-- Exercise data follows --

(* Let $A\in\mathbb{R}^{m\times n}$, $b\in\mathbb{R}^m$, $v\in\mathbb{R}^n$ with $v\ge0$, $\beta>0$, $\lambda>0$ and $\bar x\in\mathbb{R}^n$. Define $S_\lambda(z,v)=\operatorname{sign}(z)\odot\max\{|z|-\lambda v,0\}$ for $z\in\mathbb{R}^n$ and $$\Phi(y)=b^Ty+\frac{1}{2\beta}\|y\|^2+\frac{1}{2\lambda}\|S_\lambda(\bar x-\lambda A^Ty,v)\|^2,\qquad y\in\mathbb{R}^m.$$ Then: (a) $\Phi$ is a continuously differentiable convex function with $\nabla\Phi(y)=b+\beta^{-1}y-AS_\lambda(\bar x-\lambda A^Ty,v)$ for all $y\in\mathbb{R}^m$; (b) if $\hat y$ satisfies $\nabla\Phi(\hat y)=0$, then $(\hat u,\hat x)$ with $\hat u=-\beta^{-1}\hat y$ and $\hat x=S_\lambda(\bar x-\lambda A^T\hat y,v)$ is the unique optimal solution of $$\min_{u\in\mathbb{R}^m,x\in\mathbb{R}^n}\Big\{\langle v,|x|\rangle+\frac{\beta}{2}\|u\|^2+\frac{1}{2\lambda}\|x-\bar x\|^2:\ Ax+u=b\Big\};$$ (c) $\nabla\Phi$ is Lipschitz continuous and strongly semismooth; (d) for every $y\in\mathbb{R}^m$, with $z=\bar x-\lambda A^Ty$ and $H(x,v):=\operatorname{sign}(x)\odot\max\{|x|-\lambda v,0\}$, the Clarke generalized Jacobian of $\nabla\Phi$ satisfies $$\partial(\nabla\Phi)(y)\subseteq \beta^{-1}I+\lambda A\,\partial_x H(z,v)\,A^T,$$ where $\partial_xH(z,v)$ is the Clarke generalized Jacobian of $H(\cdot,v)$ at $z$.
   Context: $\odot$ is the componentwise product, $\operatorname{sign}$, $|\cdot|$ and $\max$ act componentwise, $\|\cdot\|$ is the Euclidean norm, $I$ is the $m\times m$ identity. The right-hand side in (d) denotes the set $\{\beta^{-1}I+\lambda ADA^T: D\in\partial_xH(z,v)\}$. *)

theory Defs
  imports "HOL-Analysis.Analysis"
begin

-- Exercise data concluded --
-- Exercise data follows --

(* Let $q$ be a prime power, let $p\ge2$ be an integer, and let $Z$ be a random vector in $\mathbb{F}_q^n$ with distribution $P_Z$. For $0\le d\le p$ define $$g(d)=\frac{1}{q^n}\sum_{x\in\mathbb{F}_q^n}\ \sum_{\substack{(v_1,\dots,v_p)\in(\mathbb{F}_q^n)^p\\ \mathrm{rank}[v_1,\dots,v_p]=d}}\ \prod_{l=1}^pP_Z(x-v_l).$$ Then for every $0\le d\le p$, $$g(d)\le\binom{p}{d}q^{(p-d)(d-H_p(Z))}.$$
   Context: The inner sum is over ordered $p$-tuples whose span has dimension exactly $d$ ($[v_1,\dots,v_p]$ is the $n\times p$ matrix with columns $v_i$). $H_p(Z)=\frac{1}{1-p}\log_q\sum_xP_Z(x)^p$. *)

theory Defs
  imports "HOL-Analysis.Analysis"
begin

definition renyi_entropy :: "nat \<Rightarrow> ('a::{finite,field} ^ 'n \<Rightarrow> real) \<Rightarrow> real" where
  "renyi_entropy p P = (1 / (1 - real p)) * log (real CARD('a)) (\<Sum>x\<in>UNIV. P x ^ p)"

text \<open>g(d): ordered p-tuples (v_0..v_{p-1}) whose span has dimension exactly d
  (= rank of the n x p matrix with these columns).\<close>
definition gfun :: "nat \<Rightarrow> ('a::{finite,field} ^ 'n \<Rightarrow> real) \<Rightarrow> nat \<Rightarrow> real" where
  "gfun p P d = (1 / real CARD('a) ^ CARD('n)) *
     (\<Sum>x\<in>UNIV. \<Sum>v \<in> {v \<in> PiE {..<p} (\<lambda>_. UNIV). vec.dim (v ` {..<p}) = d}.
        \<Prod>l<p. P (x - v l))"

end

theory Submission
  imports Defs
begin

-- Exercise data concluded --
-- Exercise data follows --

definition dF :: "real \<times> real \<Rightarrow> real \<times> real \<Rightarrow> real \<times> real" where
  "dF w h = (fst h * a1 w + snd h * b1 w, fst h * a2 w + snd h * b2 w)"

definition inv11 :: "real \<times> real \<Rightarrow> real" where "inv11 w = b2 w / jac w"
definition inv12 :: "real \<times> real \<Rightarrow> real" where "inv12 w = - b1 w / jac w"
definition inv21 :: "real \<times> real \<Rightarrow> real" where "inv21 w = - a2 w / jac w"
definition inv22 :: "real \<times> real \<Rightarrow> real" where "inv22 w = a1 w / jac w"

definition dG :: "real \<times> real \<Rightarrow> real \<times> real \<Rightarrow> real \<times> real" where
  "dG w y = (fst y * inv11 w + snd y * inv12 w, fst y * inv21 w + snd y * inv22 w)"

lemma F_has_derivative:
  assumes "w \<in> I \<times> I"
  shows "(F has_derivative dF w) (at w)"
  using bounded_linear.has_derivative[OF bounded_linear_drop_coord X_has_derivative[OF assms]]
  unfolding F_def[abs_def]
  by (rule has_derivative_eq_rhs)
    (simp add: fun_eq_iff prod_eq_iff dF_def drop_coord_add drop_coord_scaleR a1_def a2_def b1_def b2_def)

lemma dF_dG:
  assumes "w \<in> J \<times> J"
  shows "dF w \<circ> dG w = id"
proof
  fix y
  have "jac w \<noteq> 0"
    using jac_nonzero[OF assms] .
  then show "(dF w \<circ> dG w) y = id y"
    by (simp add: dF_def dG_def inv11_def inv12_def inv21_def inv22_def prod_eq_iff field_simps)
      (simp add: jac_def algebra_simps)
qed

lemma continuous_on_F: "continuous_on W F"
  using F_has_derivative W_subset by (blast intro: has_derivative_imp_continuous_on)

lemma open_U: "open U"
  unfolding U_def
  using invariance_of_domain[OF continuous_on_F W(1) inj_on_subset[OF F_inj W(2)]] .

-- Exercise data concluded --

> Exercise requirements: Using the records above, select and copy every line that has the word "matrix".

> Solution below:
   Context: The inner sum is over ordered $p$-tuples whose span has dimension exactly $d$ ($[v_1,\dots,v_p]$ is the $n\times p$ matrix with columns $v_i$). $H_p(Z)=\frac{1}{1-p}\log_q\sum_xP_Z(x)^p$. *)
  (= rank of the n x p matrix with these columns).\<close>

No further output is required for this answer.